Daily Court Digest: Major environment orders (September 29, 2020)

Down To Earth brings you the top environmental cases heard in the Supreme Court, the high courts and the National Green Tribunal

By DTE Staff
Published: Tuesday 29 September 2020

Asbestos mines in Roro Hills

HIL Ltd, in its report to the National Green Tribunal (NGT), said the compliance report of the Department of Mines & Geology, Government of Jharkhand, on the asbestos mines in Roro hills, Chaibasa, West Singhbum was flawed.

The report of August 9 had proceeded on an incorrect and baseless assumption that safety measures for restitution of the asbestos mines to mitigate environmental and health impact were not taken by HIL.

Other incorrect assumptions were that steps to mitigate environmental and health impact were not taken and asbestos dust-based pollution continued to be emitted, resulting in health hazards and contamination of ponds and streams.

The asbestos mines were closed in 1983 and HIL had surrendered the mines in 1984 and the same was accepted by the Government of Bihar in 1985, the HIL report said. The Government of Bihar thereafter renotified the mine for granting fresh lease to the prospective lessees during the relevant time.

Acceptance of the duly surrendered mine by the Government of Bihar (now Jharkhand) and renotification thereafter established that the surrender of the mines by HIL was proper and fully compliant with the then prevalent laws.

Post the surrender of the mines after 1985, the possession of the subject mine was solely and exclusively with the state of Bihar (now with the state of Jharkhand) till date. Therefore, HIL could not be termed as a polluter. 
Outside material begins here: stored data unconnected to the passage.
lemma comm_replicate_eq_Id: "comm (replicate (2 * m + 1) (UNIV :: 'a rel)) = Id"
  using sprod_delete_middle by (intro comm_replicate_UNIV_eq_Id_if_sprod_delete) auto

end

theorem lemma3p2:
  fixes m :: nat
  assumes "m \<ge> 1"
    and "rect_band (spow m :: 'a::semigroup_mult set)"
  shows "(m = 1 \<longrightarrow> abelian TYPE('a))
    \<and> solvable TYPE('a) (nat \<lceil>log 2 (real m)\<rceil> + 1)
    \<and> ((\<exists>a. spow m = {a :: 'a}) \<longrightarrow> solvable TYPE('a) (nat \<lceil>log 2 (real m)\<rceil>))
    \<and> left_nilpotent TYPE('a) (2 * m) \<and> right_nilpotent TYPE('a) (2 * m)
    \<and> supernilpotent TYPE('a) (2 * m)
    \<and> ((\<exists>a. spow m = {a :: 'a}) \<longrightarrow>
         left_nilpotent TYPE('a) m \<and> right_nilpotent TYPE('a) m \<and> supernilpotent TYPE('a) m)"
proof -
  interpret rect_band_power m "spow m :: 'a set"
    using assms by unfold_locales auto
  have singleton: "derived (nat \<lceil>log 2 (real m)\<rceil>) = (Id :: 'a rel)
      \<and> lseries (m + 1) = (Id :: 'a rel) \<and> rseries (m + 1) = (Id :: 'a rel)
      \<and> comm (replicate (m + 1) (UNIV :: 'a rel)) = Id"
    if "spow m = {a :: 'a}" for a
    using derived_eq_Id_if_spow_singleton[OF assms(1) that le_two_power_ceiling_log[OF assms(1)]]
      lseries_eq_Id_if_spow_singleton[OF assms(1) that]
      rseries_eq_Id_if_spow_singleton[OF assms(1) that]
      comm_replicate_eq_Id_if_spow_singleton[OF assms(1) that]
    by blast
  show ?thesis
    unfolding abelian_def solvable_def left_nilpotent_def right_nilpotent_def supernilpotent_def
    using comm_UNIV_UNIV_eq_Id_if_m_eq_1 derived_eq_Id lseries_eq_Id rseries_eq_Id
      comm_replicate_eq_Id
    by (auto dest: singleton)
qed

end
(* |V| > 1 (V may a priori be infinite) *)
definition more_than_one :: "'c set \<Rightarrow> bool" where
  "more_than_one V \<longleftrightarrow> infinite V \<or> 1 < card V"

(* Repeated game: histories are lists of realized action profiles; a strategy maps
   histories to stage strategies. rep_payoff ... h n is player's expected sum of
   stage payoffs over n rounds, starting after history h. *)
primrec rep_payoff :: "'a set \<Rightarrow> 'b set \<Rightarrow> ('a \<Rightarrow> 'b \<Rightarrow> real)
    \<Rightarrow> (('a \<times> 'b) list \<Rightarrow> 'a \<Rightarrow> real) \<Rightarrow> (('a \<times> 'b) list \<Rightarrow> 'b \<Rightarrow> real)
    \<Rightarrow> ('a \<times> 'b) list \<Rightarrow> nat \<Rightarrow> real" where
  "rep_payoff A1 A2 u \<mu>1 \<mu>2 h 0 = 0"
| "rep_payoff A1 A2 u \<mu>1 \<mu>2 h (Suc n) =
     (\<Sum>a1\<in>A1. \<Sum>a2\<in>A2. \<mu>1 h a1 * \<mu>2 h a2 *
        (u a1 a2 + rep_payoff A1 A2 u \<mu>1 \<mu>2 (h @ [(a1, a2)]) n))"

definition strat1 :: "regime \<Rightarrow> 'a set \<Rightarrow> (('a \<times> 'b) list \<Rightarrow> 'a \<Rightarrow> real) \<Rightarrow> bool" where
  "strat1 r A1 \<mu> \<longleftrightarrow> (\<forall>h. avail1 r A1 (\<mu> h))"

definition strat2 :: "regime \<Rightarrow> 'b set \<Rightarrow> (('a \<times> 'b) list \<Rightarrow> 'b \<Rightarrow> real) \<Rightarrow> bool" where
  "strat2 r A2 \<mu> \<longleftrightarrow> (\<forall>h. avail2 r A2 (\<mu> h))"

definition nash_rep :: "regime \<Rightarrow> 'a set \<Rightarrow> 'b set \<Rightarrow> ('a \<Rightarrow> 'b \<Rightarrow> real) \<Rightarrow> ('a \<Rightarrow> 'b \<Rightarrow> real)
    \<Rightarrow> nat \<Rightarrow> (('a \<times> 'b) list \<Rightarrow> 'a \<Rightarrow> real) \<Rightarrow> (('a \<times> 'b) list \<Rightarrow> 'b \<Rightarrow> real) \<Rightarrow> bool" where
  "nash_rep r A1 A2 u1 u2 n \<mu>1 \<mu>2 \<longleftrightarrow>
     strat1 r A1 \<mu>1 \<and> strat2 r A2 \<mu>2 \<and>
     (\<forall>\<tau>. strat1 r A1 \<tau> \<longrightarrow> rep_payoff A1 A2 u1 \<tau> \<mu>2 [] n \<le> rep_payoff A1 A2 u1 \<mu>1 \<mu>2 [] n) \<and>
     (\<forall>\<tau>. strat2 r A2 \<tau> \<longrightarrow> rep_payoff A1 A2 u2 \<mu>1 \<tau> [] n \<le> rep_payoff A1 A2 u2 \<mu>1 \<mu>2 [] n)"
Electronic waste units in Loni

The Uttar Pradesh Pollution Control Board, in its report to the NGT September 28, recommended that the Central Pollution Control Board (CPCB) could consider tapping the generators of electronic waste in Loni in Ghaziabad district under the Extended Producer Responsibility (EPR) clause.

Dumping and channelisation of electronic waste from different parts of the country was a result of the failure of the producers to bring back the e-waste into the formal collection channels according to the E-Waste Management Rules, 2016, the report added.

For the purpose of disposal of bare polychlorinated biphenyls waste, the CPCB could consider setting up a pilot fine pulverisation unit or a unit based on any other technology it deemed fit.

The report informed the NGT that oficers of the Ghaziabad Development Authority (GDA) and Loni tehsil had inspected the area on which the illegal e-waste industries were run against prescribed land use in the Master Plan of GDA. During the survey, 80 illegal units were identified and action taken against them under the relevant sections of the Uttar Pradesh Town Planning and Development Act 1973.

The report said the unauthorised units in Loni were small establishments engaged in burning, etching or smelting only.

Waste printed circuit boards (WPCBs) were a ‘high-value’ commodity to both the formal and informal e-waste recycling industry. WPCBs contain a variety of metals ranging from base metals like copper and aluminium to precious metals like gold, silver, platinum and palladium as well as critical metals of rare earth metals among others.

Once the WPCBs reach the informal sector, all the components on the boards are removed using screwdrivers, pliers and gas torches. Also, the boards itself have considerable amount of metal, primarily copper and tin. Thus, to extract copper, the boards are dipped in acid baths for the purpose of leaching.

This was the type of waste in the Loni region of Ghaziabad. The boards were bereft of most metallic fractions and represent what was known as the non- metallic fractions, which might consist of epoxy resin, glass fiber and some copper with impurities.

These boards possess an environmental risk and need to be disposed of by means of fine pulverisation and used further as fillers. Incineration or landfilling such waste is a short term and capital intensive process.

Flood plains of Yamuna

The bench of Justices Adarsh Kumar Goel and Sonam Phintso Wangdi of the NGT dismissed an application filed by the Delhi Police for permission to raise construction for accommodation of police trainees in the flood plains of the Yamuna river. This was prohibited under orders of the NGT in Original Application No. 06/2012 (Manoj Mishra vs Union of India & Others).

The court said the project would be right on the flood plains and had potential for generating solid waste and sewage.